[Prompt] Once you reach the line containing "pos (hcomp R" in the data below, restate each line word for word up to and including the one containing "() \<in> dirs".

▶

lemma linb_conjb_adjunction:
  assumes "f \<in> M \<rightarrow> C" and "g \<in> M \<rightarrow> D"
  shows "is_adjunction C D (linb M f g) (conjb M f g D) (span_unit M g) (span_counit f)"
  using assms unfolding is_adjunction_def is_bicomod_def is_map_def eq2_def
  by (auto simp: conjb_def span_unit_def span_counit_def bicategory_structure_defs PiE_iff Pi_iff
      split: prod.splits)

lemma base_dual [simp]: "base (dual C D p) = fst"
  by (simp add: dual_def ihom_def)

lemma pos_dual:
  "x \<in> pos (dual C D p) \<longleftrightarrow> fst x \<in> C \<and> snd x \<in> (\<Pi>\<^sub>E i\<in>{i\<in>pos p. base p i = fst x}.
      {(k,\<sigma>). k \<in> C \<times> D \<and> fst k = fst x \<and> \<sigma> \<in> (\<Pi>\<^sub>E u\<in>{()}. {e\<in>dirs p i. lab p i e = snd k})})"
  by (cases x) (simp add: dual_def ihom_def bot_def)

lemma dirs_dual: "dirs (dual C D p) x = {(i,u). i \<in> pos p \<and> base p i = fst x}"
  by (cases x) (auto simp: dual_def ihom_def bot_def)

lemma lab_dual [simp]: "lab (dual C D p) x (i,u) = snd (fst (snd x i))"
  by (cases x) (simp add: dual_def ihom_def bot_def)

definition dual_linb_pos :: "'m set \<Rightarrow> ('m \<Rightarrow> 'c) \<Rightarrow> ('m \<Rightarrow> 'd) \<Rightarrow> 'c
    \<Rightarrow> 'c \<times> ('m \<Rightarrow> ('c \<times> 'd) \<times> (unit \<Rightarrow> unit))" where
  "dual_linb_pos M f g c = (c, restrict (\<lambda>m. ((c, g m), restrict (\<lambda>_. ()) {()})) {m\<in>M. f m = c})"

lemma fst_dual_linb_pos [simp]: "fst (dual_linb_pos M f g c) = c"
  by (simp add: dual_linb_pos_def)

lemma pos_dual_linb:
  assumes "g \<in> M \<rightarrow> D"
  shows "x \<in> pos (dual C D (linb M f g)) \<longleftrightarrow> fst x \<in> C \<and> x = dual_linb_pos M f g (fst x)"
proof -
  have unit_fun: "(\<sigma> :: unit \<Rightarrow> unit) = restrict (\<lambda>_. ()) {()}" for \<sigma>
    by (auto simp: fun_eq_iff)
  have "\<phi> \<in> (\<Pi>\<^sub>E i\<in>{i\<in>M. f i = c}. {(k,\<sigma>). k \<in> C \<times> D \<and> fst k = c \<and>
            \<sigma> \<in> (\<Pi>\<^sub>E u\<in>{()}. {e\<in>{()}. g i = snd k})})
        \<longleftrightarrow> \<phi> = snd (dual_linb_pos M f g c)" if "c \<in> C" for c \<phi>
    using assms that unit_fun
    by (auto simp: PiE_iff Pi_iff dual_linb_pos_def extensional_def fun_eq_iff split: if_splits)
  then show ?thesis
    unfolding pos_dual linb_simps using assms by (cases x) (auto simp: dual_linb_pos_def)
qed

lemma snd_dual_linb_pos [simp]:
  "m \<in> M \<Longrightarrow> f m = c \<Longrightarrow> snd (dual_linb_pos M f g c) m = ((c, g m), restrict (\<lambda>_. ()) {()})"
  by (simp add: dual_linb_pos_def)

definition dual_unit :: "'m set \<Rightarrow> ('m \<Rightarrow> 'c) \<Rightarrow> ('m \<Rightarrow> 'd) \<Rightarrow> ('c, unit,
    ('c \<times> ('m \<Rightarrow> ('c \<times> 'd) \<times> (unit \<Rightarrow> unit))) \<times> ('m \<times> unit \<Rightarrow> 'm), ('m \<times> unit) \<times> unit) bmap" where
  "dual_unit M f g = (\<lambda>c. (dual_linb_pos M f g c, restrict fst {(m,u). m \<in> M \<and> f m = c}), \<lambda>c e. ())"

definition dual_counit :: "('m \<Rightarrow> 'd) \<Rightarrow> ('m \<times> (unit \<Rightarrow> 'x), unit \<times> ('m \<times> unit), 'd, unit) bmap" where
  "dual_counit g = (\<lambda>(m,\<chi>). g m, \<lambda>(m,\<chi>) u. ((), (m,())))"

lemma linb_dual_adjunction:
  assumes "f \<in> M \<rightarrow> C" and "g \<in> M \<rightarrow> D"
  shows "is_adjunction D C (linb M g f) (dual C D (linb M f g)) (dual_unit M f g) (dual_counit g)"
  using assms unfolding is_adjunction_def is_bicomod_def is_map_def eq2_def
  by (auto simp: pos_dual_linb[OF assms(2)] dirs_dual dual_unit_def dual_counit_def
      bicategory_structure_defs PiE_iff Pi_iff split: prod.splits)

locale span_right_adjoint =
  fixes C :: "'c set" and D :: "'d set" and M :: "'m set" and f :: "'m \<Rightarrow> 'c" and g :: "'m \<Rightarrow> 'd"
    and R :: "('d,'c,'r,'s) bicomod"
    and \<eta> :: "('d, unit, 'r \<times> ('s \<Rightarrow> 'm), 's \<times> unit) bmap"
    and \<epsilon> :: "('m \<times> (unit \<Rightarrow> 'r), unit \<times> 's, 'c, unit) bmap"
  assumes f_maps: "f \<in> M \<rightarrow> C" and g_maps: "g \<in> M \<rightarrow> D"
    and adjunction: "is_adjunction C D (linb M f g) R \<eta> \<epsilon>"
begin

definition unit_pos :: "'d \<Rightarrow> 'r" where
  "unit_pos d = fst (fst \<eta> d)"

definition unit_elt :: "'d \<Rightarrow> 's \<Rightarrow> 'm" where
  "unit_elt d s = snd (fst \<eta> d) s"

definition counit_dir :: "'m \<Rightarrow> 'r \<Rightarrow> 's" where
  "counit_dir m r = snd (snd \<epsilon> (m, restrict (\<lambda>_. r) {()}) ())"

lemma unit_is_map: "is_map (idb D) (hcomp R (linb M f g)) \<eta>"
  and counit_is_map: "is_map (hcomp (linb M f g) R) (idb C) \<epsilon>"
  using adjunction by (simp_all add: is_adjunction_def)

lemma unit_pos: "d \<in> D \<Longrightarrow> unit_pos d \<in> pos R" "d \<in> D \<Longrightarrow> base R (unit_pos d) = d"
  using unit_is_map by (auto simp: is_map_def idb_def hcomp_def unit_pos_def split_beta)

lemma unit_elt:
  assumes "d \<in> D" and "s \<in> dirs R (unit_pos d)"
  shows "unit_elt d s \<in> M" "f (unit_elt d s) = lab R (unit_pos d) s" "g (unit_elt d s) = d"
proof -
  have "fst \<eta> d \<in> pos (hcomp R (linb M f g))"
    using unit_is_map assms by (auto simp: is_map_def idb_def)
  then show "unit_elt d s \<in> M" "f (unit_elt d s) = lab R (unit_pos d) s"
    using assms by (auto simp: hcomp_def unit_pos_def unit_elt_def PiE_iff split_beta)
  have "(s,()) \<in> dirs (hcomp R (linb M f g)) (fst \<eta> d)"
    using assms by (auto simp: hcomp_def unit_pos_def split_beta)
  then show "g (unit_elt d s) = d"
    using unit_is_map assms
    by (auto simp: is_map_def idb_def hcomp_def unit_pos_def unit_elt_def split_beta)
qed

lemma counit_dir:
  assumes "m \<in> M" and "r \<in> pos R" and "base R r = g m"
  shows "counit_dir m r \<in> dirs R r" "lab R r (counit_dir m r) = f m"
proof -
  let ?i = "(m, restrict (\<lambda>_. r) {()})"
  have i: "?i \<in> pos (hcomp (linb M f g) R)"
    using assms by (auto simp: hcomp_def)
  then have "fst \<epsilon> ?i = f m"
    using counit_is_map by (auto simp: is_map_def idb_def hcomp_def)
  moreover have "snd \<epsilon> ?i () \<in> dirs (hcomp (linb M f g) R) ?i"
      "lab (hcomp (linb M f g) R) ?i (snd \<epsilon> ?i ()) = lab (idb C) (fst \<epsilon> ?i) ()"
    using counit_is_map i by (auto simp: is_map_def idb_def)
  ultimately show "counit_dir m r \<in> dirs R r" "lab R r (counit_dir m r) = f m"
    by (auto simp: hcomp_def counit_dir_def idb_def split_beta)
qed
lemma positive_cone_monoid_gen: "positive_cone (monoid_gen S)"
  by unfold_locales (auto intro: monoid_gen.intros)

lemma monoid_gen_pair_eq_lin2: "monoid_gen {a, b} = lin2 a {0..} b {0..}"
proof
  show "monoid_gen {a, b} \<subseteq> lin2 a {0..} b {0..}"
  proof
    fix z assume "z \<in> monoid_gen {a, b}"
    then show "z \<in> lin2 a {0..} b {0..}"
    proof induction
      case zero
      show ?case using mem_lin2I[of 0 "{0..}" 0 "{0..}" a b] by simp
    next
      case (gen z)
      then show ?case using mem_lin2I[of 1 "{0..}" 0 "{0..}" a b] mem_lin2I[of 0 "{0..}" 1 "{0..}" a b] by auto
    next
      case (add z z')
      have "positive_cone {0::int..}" by unfold_locales auto
      then show ?case using add positive_cone.add_mem[OF positive_cone_lin2] by blast
    qed
  qed
  show "lin2 a {0..} b {0..} \<subseteq> monoid_gen {a, b}"
  proof
    fix z assume "z \<in> lin2 a {0..} b {0..}"
    then obtain i j where z: "z = a * i + b * j" "0 \<le> i" "0 \<le> j"
      unfolding lin2_def by auto
    have "a \<in> monoid_gen {a, b}" "b \<in> monoid_gen {a, b}" by (auto intro: monoid_gen.gen)
    then have "i * a \<in> monoid_gen {a, b}" "j * b \<in> monoid_gen {a, b}"
      using positive_cone_int_mult_mem[OF positive_cone_monoid_gen] z by blast+
    then show "z \<in> monoid_gen {a, b}" using z(1) by (metis monoid_gen.add mult.commute)
  qed
qed

lemma numerical_monoid_monoid_gen_pair:
  assumes "0 < a" "0 < b" "coprime a b"
  shows "numerical_monoid (monoid_gen {a, b})"
proof -
  have "numerical_monoid {0..}"
    unfolding numerical_monoid_def positive_cone_def by auto
  then show ?thesis
    unfolding monoid_gen_pair_eq_lin2 using numerical_monoid_lin2 assms by blast
qed

lemma monoid_gen_pair_diff_mem:
  assumes x: "x \<in> monoid_gen {a, c}" and "coprime a c" "a dvd x - t * c" "0 \<le> t" "t < a"
  shows "x - t * c \<in> monoid_gen {a, c}"
proof -
  obtain \<alpha> \<beta> where \<alpha>\<beta>: "x = a * \<alpha> + c * \<beta>" "0 \<le> \<alpha>" "0 \<le> \<beta>"
    using x unfolding monoid_gen_pair_eq_lin2 lin2_def by auto
  have "x - t * c = a * \<alpha> + (\<beta> - t) * c" using \<alpha>\<beta>(1) by (simp add: algebra_simps)
  then have "a dvd (\<beta> - t) * c" using assms(3) by (metis add_diff_cancel_left' dvd_diff dvd_triv_left)
  then have "a dvd t - \<beta>" using assms(2) by (metis coprime_dvd_mult_left_iff dvd_minus_iff minus_diff_eq)
  have "t \<le> \<beta>"
  proof (rule ccontr)
    assume "\<not> t \<le> \<beta>"
    then have "0 < t - \<beta>" "t - \<beta> < a" using assms(5) \<alpha>\<beta>(3) by linarith+
    then show False using zdvd_not_zless \<open>a dvd t - \<beta>\<close> by blast
  qed
  then have "x - t * c = a * \<alpha> + c * (\<beta> - t)" using \<alpha>\<beta>(1) by (simp add: algebra_simps)
  then show ?thesis
    unfolding monoid_gen_pair_eq_lin2 using mem_lin2I \<alpha>\<beta>(2) \<open>t \<le> \<beta>\<close> by force
qed

lemma coprime_gen_imp_coprime:
  assumes "coprime_gen r n"
  shows "coprime r (n j)"
proof (rule ccontr)
  assume "\<not> coprime r (n j)"
  then obtain c where c: "c dvd r" "c dvd n j" "\<not> is_unit c" by (rule not_coprimeE)
  then have "\<bar>c\<bar> \<noteq> 1" by auto
  then obtain l where "prime l" "l dvd c" by (rule prime_factor_int)
  then show False using assms c unfolding coprime_gen_def by (meson dvd_trans)
qed

definition coprime_denom :: "int \<Rightarrow> rat \<Rightarrow> bool" where
  "coprime_denom r z \<longleftrightarrow> (\<exists>a d. 0 < d \<and> coprime d r \<and> z = of_int a / of_int d)"

lemma coprime_denom_of_int: "coprime_denom r (of_int a)"
  unfolding coprime_denom_def by (rule exI[of _ a], rule exI[of _ 1]) simp

lemma coprime_denom_add:
  assumes "coprime_denom r z" "coprime_denom r z'"
  shows "coprime_denom r (z + z')"
proof -
  obtain a d a' d' where "0 < d" "coprime d r" "z = of_int a / of_int d"
    "0 < d'" "coprime d' r" "z' = of_int a' / of_int d'"
    using assms unfolding coprime_denom_def by blast
  then have "0 < d * d'" "coprime (d * d') r" "z + z' = of_int (a * d' + a' * d) / of_int (d * d')"
    by (simp_all add: field_simps)
  then show ?thesis unfolding coprime_denom_def by blast
qed

lemma coprime_denom_mult_of_int:
  assumes "coprime_denom r z"
  shows "coprime_denom r (of_int k * z)"
proof -
  obtain a d where "0 < d" "coprime d r" "z = of_int a / of_int d"
    using assms unfolding coprime_denom_def by blast
  moreover have "of_int k * (of_int a / of_int d) = (of_int (k * a) / of_int d :: rat)" by simp
  ultimately show ?thesis unfolding coprime_denom_def by metis
qed

lemma coprime_denom_diff:
  "coprime_denom r z \<Longrightarrow> coprime_denom r z' \<Longrightarrow> coprime_denom r (z - z')"
  using coprime_denom_add[of r z "of_int (- 1) * z'"] coprime_denom_mult_of_int[of r z' "- 1"] by simp

lemma coprime_denom_imp_dvd:
  assumes "r \<noteq> 0" "coprime_denom r (of_int c / of_int r)"
  shows "r dvd c"
proof -
  obtain a d where d: "0 < d" "coprime d r" "of_int c / of_int r = (of_int a / of_int d :: rat)"
    using assms(2) unfolding coprime_denom_def by blast
  then have "c * d = a * r"
    using assms(1) by (simp add: frac_eq_eq flip: of_int_mult of_int_eq_iff)
  then show ?thesis
    using d(2) by (metis coprime_commute coprime_dvd_mult_left_iff dvd_triv_right)
qed

section \<open>Direct limits along multiplication maps\<close>

lemma order_embedding_mult_iff:
  fixes c :: int
  assumes "c \<noteq> 0"
  shows "order_embedding UNIV P UNIV Q (\<lambda>x. c * x) \<longleftrightarrow> (\<forall>x. x \<in> P \<longleftrightarrow> c * x \<in> Q)"
proof -
  have inj: "inj (\<lambda>x. c * x)" using assms by (auto intro: injI)
  moreover have "group_hom_on UNIV (\<lambda>x. c * x)"
    unfolding group_hom_on_def by (simp add: algebra_simps)
  moreover have "(\<lambda>x. c * x) ` P = range (\<lambda>x. c * x) \<inter> Q \<longleftrightarrow> (\<forall>x. x \<in> P \<longleftrightarrow> c * x \<in> Q)"
  proof
    assume "(\<lambda>x. c * x) ` P = range (\<lambda>x. c * x) \<inter> Q"
    then have "c * x \<in> (\<lambda>x. c * x) ` P \<longleftrightarrow> c * x \<in> Q" for x by blast
    then show "\<forall>x. x \<in> P \<longleftrightarrow> c * x \<in> Q" using inj by (simp add: inj_image_mem_iff)
  qed auto
  ultimately show ?thesis unfolding order_embedding_def by auto
qed

lemma order_embedding_inclusion:
  "order_embedding G P H Q (\<lambda>x. x) \<longleftrightarrow> G \<subseteq> H \<and> P = G \<inter> Q"
  unfolding order_embedding_def group_hom_on_def by simp

definition embedding_system :: "(nat \<Rightarrow> int set) \<Rightarrow> (nat \<Rightarrow> int) \<Rightarrow> bool" where
  "embedding_system P m \<longleftrightarrow> (\<forall>j. 0 < m j) \<and> (\<forall>j x. x \<in> P j \<longleftrightarrow> m j * x \<in> P (Suc j))"

lemma embedding_system_iff_order_embedding:
  "embedding_system P m \<longleftrightarrow>
     (\<forall>j. 0 < m j \<and> order_embedding UNIV (P j) UNIV (P (Suc j)) (\<lambda>x. m j * x))"
  unfolding embedding_system_def using order_embedding_mult_iff
  by (metis less_irrefl)

lemma embedding_system_nonzero: "embedding_system P m \<Longrightarrow> \<forall>k. m k \<noteq> 0"
  unfolding embedding_system_def by (metis less_irrefl)

lemma embedding_system_iter:
  assumes "embedding_system P m"
  shows "x \<in> P j \<longleftrightarrow> (\<Prod>k\<in>{j..<j + d}. m k) * x \<in> P (j + d)"
proof (induction d arbitrary: x)
  case (Suc d)
  have "x \<in> P j \<longleftrightarrow> (\<Prod>k\<in>{j..<j + d}. m k) * x \<in> P (j + d)" by (rule Suc.IH)
  also have "\<dots> \<longleftrightarrow> m (j + d) * ((\<Prod>k\<in>{j..<j + d}. m k) * x) \<in> P (Suc (j + d))"
    using assms unfolding embedding_system_def by blast
  finally show ?case by (simp add: prod.atLeastLessThan_Suc ac_simps)
qed simp

lemma prod_lessThan_add:
  fixes f :: "nat \<Rightarrow> 'a::comm_monoid_mult"
  shows "(\<Prod>k<j + d. f k) = (\<Prod>k<j. f k) * (\<Prod>k\<in>{j..<j + d}. f k)"
  using prod.atLeastLessThan_concat[of 0 j "j + d" f] by (simp add: lessThan_atLeast0)
lemma locally_stationary_exp_decay:
  fixes a :: "real \<Rightarrow> real"
  assumes cont: "continuous_on UNIV a" and lower: "\<And>t. \<exists>e>0. \<forall>s\<le>t. e \<le> a s"
  shows "locally_stationary
     (\<lambda>N t u. if u \<le> real N * t then exp (- integral {u..real N * t} (\<lambda>s. a (s / real N))) else 0)
     (\<lambda>N x. decay_kernel (\<lambda>s. a (s / real N + x / real N)))
     (\<lambda>t. exp_kernel (a t))
     (\<lambda>t. transfer (exp_kernel (a t)))"
  unfolding locally_stationary_def
proof (intro conjI allI impI)
  fix N :: nat and t u :: real
  show "(if u \<le> real N * t then exp (- integral {u..real N * t} (\<lambda>s. a (s / real N))) else 0)
      = decay_kernel (\<lambda>s. a (s / real N + real N * t / real N)) (real N * t - u)"
    using decay_kernel_shift[of "\<lambda>s. a (s / real N)" "real N * t" u] by (simp add: add_divide_distrib)
next
  fix N :: nat and t :: real
  assume "N \<ge> 1"
  then have rate: "(\<lambda>s. a (s / real N + real N * t / real N)) = (\<lambda>s. a (s / real N + t))"
    by simp
  obtain e where e: "e > 0" "\<And>s. s \<le> t \<Longrightarrow> e \<le> a s"
    using lower by blast
  show "sq_int (decay_kernel (\<lambda>s. a (s / real N + real N * t / real N)))"
    unfolding rate using continuous_on_rescaled_rate[OF cont] e(1) rescaled_rate_lower_bound[OF e(2)]
    by (rule sq_int_decay_kernel)
next
  have pos: "a t > 0" for t
    using lower[of t] by force
  show "sq_int (exp_kernel (a t))" for t
    using pos by (rule sq_int_exp_kernel)
  show "((\<lambda>s. L2_dist_sq (exp_kernel (a s)) (exp_kernel (a t))) \<longlongrightarrow> 0) (at t)" for t
    using cont pos by (rule L2_dist_sq_exp_kernel_tendsto_0)
next
  fix t :: real
  obtain e where "e > 0" "\<And>s. s \<le> t \<Longrightarrow> e \<le> a s"
    using lower by blast
  then have "(\<lambda>N. L2_dist_sq (decay_kernel (\<lambda>s. a (s / real N + t))) (exp_kernel (a t))) \<longlonglongrightarrow> 0"
    by (intro L2_dist_sq_decay_kernel_rescaled_tendsto_0 cont)
  moreover have "\<forall>\<^sub>F N in sequentially.
      L2_dist_sq (decay_kernel (\<lambda>s. a (s / real N + t))) (exp_kernel (a t))
      = L2_dist_sq (decay_kernel (\<lambda>s. a (s / real N + real N * t / real N))) (exp_kernel (a t))"
    using eventually_ge_at_top[of 1] by eventually_elim simp
  ultimately show "(\<lambda>N. L2_dist_sq (decay_kernel (\<lambda>s. a (s / real N + real N * t / real N))) (exp_kernel (a t)))
      \<longlonglongrightarrow> 0"
    by (rule Lim_transform_eventually)
qed simp

theorem proposition4:
  fixes a :: "real \<Rightarrow> real"
  assumes C1: "continuous_on UNIV a"
    and C2: "\<forall>T>0. \<exists>\<epsilon>>0. \<forall>s\<le>T. a s \<ge> \<epsilon>"
  shows "locally_stationary
     (\<lambda>N t u. if u \<le> real N * t
               then exp (- integral {u..real N * t} (\<lambda>s. a (s / real N))) else 0)
     (\<lambda>N x v. if v \<ge> 0
               then exp (- integral {-v..0} (\<lambda>s. a (s / real N + x / real N))) else 0)
     (\<lambda>t u. if u \<ge> 0 then exp (- a t * u) else 0)
     (\<lambda>t \<mu>. \<integral>u. exp (- \<i> * complex_of_real \<mu> * complex_of_real u) *
              complex_of_real (if u \<ge> 0 then exp (- a t * u) else 0) \<partial>lborel)"
proof -
  have lower: "\<exists>e>0. \<forall>s\<le>t. e \<le> a s" for t
  proof -
    have "max 1 t > 0"
      by simp
    then obtain e where "e > 0" "\<forall>s\<le>max 1 t. e \<le> a s"
      using C2 by blast
    then show ?thesis
      by (auto simp: le_max_iff_disj)
  qed
  show ?thesis
    using locally_stationary_exp_decay[OF C1 lower]
    unfolding decay_kernel_def exp_kernel_def transfer_def .
qed

end
(* Let $x_i$ be a mechanism for agent $i$ satisfying (P) and (IC), with indirect utility $U_i(s_i)=\max_{t\in[\underline s,\overline s]}U_i(t;s_i)$ on $[\underline s,\overline s]$. Then there is a function $\tilde U_i:[0,1]\to\mathbb R$ coinciding with $U_i$ on $[\underline s,\overline s]$ that is nondecreasing, convex, $2$-Lipschitz, and satisfies $0\le\tilde U_i\le\overline U_i$ on $[0,1]$.
   Context: Setup. A state $\omega\in\{-1,+1\}$ is drawn with probability $1/2$ each. There are $n\ge2$ agents. Conditional on $\omega$, signals are i.i.d. with distribution $\mathbb F_\omega$ on $[0,1]$, normalized so that $s_i=\mathbb P[\omega=+1\mid s_i]$; $\mathbb F_{-1},\mathbb F_{+1}$ mutually absolutely continuous with densities; $\mathbb F=(\mathbb F_{-1}+\mathbb F_{+1})/2$ has density supported on a non-singleton interval with endpoints $\underline s<\overline s$ in $[0,1]$. A mechanism for agent $i$ is measurable $x_i:[\underline s,\overline s]^n\to[0,1]$ (probability of receiving a good worth $\omega$, else payoff $0$). (P): $\mathbb E[\omega x_i(s_i,s_{-i})\mid s_i]\ge0$; (IC): $\mathbb E[\omega x_i(s_i,s_{-i})\mid s_i]\ge\mathbb E[\omega x_i(\hat s_i,s_{-i})\mid s_i]$, for all $s_i,\hat s_i$ in the support. For a report $t$ and a belief $s\in[0,1]$, $U_i(t;s)=s\,\mathbb E[x_i(t,s_{-i})\mid\omega=+1]-(1-s)\,\mathbb E[x_i(t,s_{-i})\mid\omega=-1]$ (equal to $\mathbb E[\omega x_i(t,s_{-i})\mid s_i=s]$ for $s$ in the support). The first-best payoff is, for $s\in[0,1]$, $\overline U_i(s)=s\,\mathbb P[e(s,s_{-i})\mid\omega=+1]-(1-s)\,\mathbb P[e(s,s_{-i})\mid\omega=-1]$ where $e(s,s_{-i})$ is the event $s\prod_{k\ne i}s_k\ge(1-s)\prod_{k\ne i}(1-s_k)$ (i.e., $\mathrm{LR}(s,s_{-i})\ge1$); it is the interim payoff under the efficient allocation. *)

theory Defs
  imports "HOL-Probability.Probability"
begin

text \<open>The conditional signal law F_omega has
  Lebesgue density f (f = fp for omega = +1, f = fm for omega = -1).\<close>

definition others_law :: "(real \<Rightarrow> real) \<Rightarrow> nat \<Rightarrow> nat \<Rightarrow> (nat \<Rightarrow> real) measure" where
  "others_law f n i = PiM ({0..<n} - {i}) (\<lambda>_. density lborel (\<lambda>s. ennreal (f s)))"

◀

[Solution to this exercise]
  have "fst \<eta> d \<in> pos (hcomp R (linb M f g))"
    using unit_is_map assms by (auto simp: is_map_def idb_def)
  then show "unit_elt d s \<in> M" "f (unit_elt d s) = lab R (unit_pos d) s"
    using assms by (auto simp: hcomp_def unit_pos_def unit_elt_def PiE_iff split_beta)
  have "(s,()) \<in> dirs (hcomp R (linb M f g)) (fst \<eta> d)"
    using assms by (auto simp: hcomp_def unit_pos_def split_beta)
  then show "g (unit_elt d s) = d"
    using unit_is_map assms
    by (auto simp: is_map_def idb_def hcomp_def unit_pos_def unit_elt_def split_beta)
qed

lemma counit_dir:
  assumes "m \<in> M" and "r \<in> pos R" and "base R r = g m"
  shows "counit_dir m r \<in> dirs R r" "lab R r (counit_dir m r) = f m"
proof -
  let ?i = "(m, restrict (\<lambda>_. r) {()})"
  have i: "?i \<in> pos (hcomp (linb M f g) R)"
    using assms by (auto simp: hcomp_def)
  then have "fst \<epsilon> ?i = f m"
    using counit_is_map by (auto simp: is_map_def idb_def hcomp_def)
  moreover have "snd \<epsilon> ?i () \<in> dirs (hcomp (linb M f g) R) ?i"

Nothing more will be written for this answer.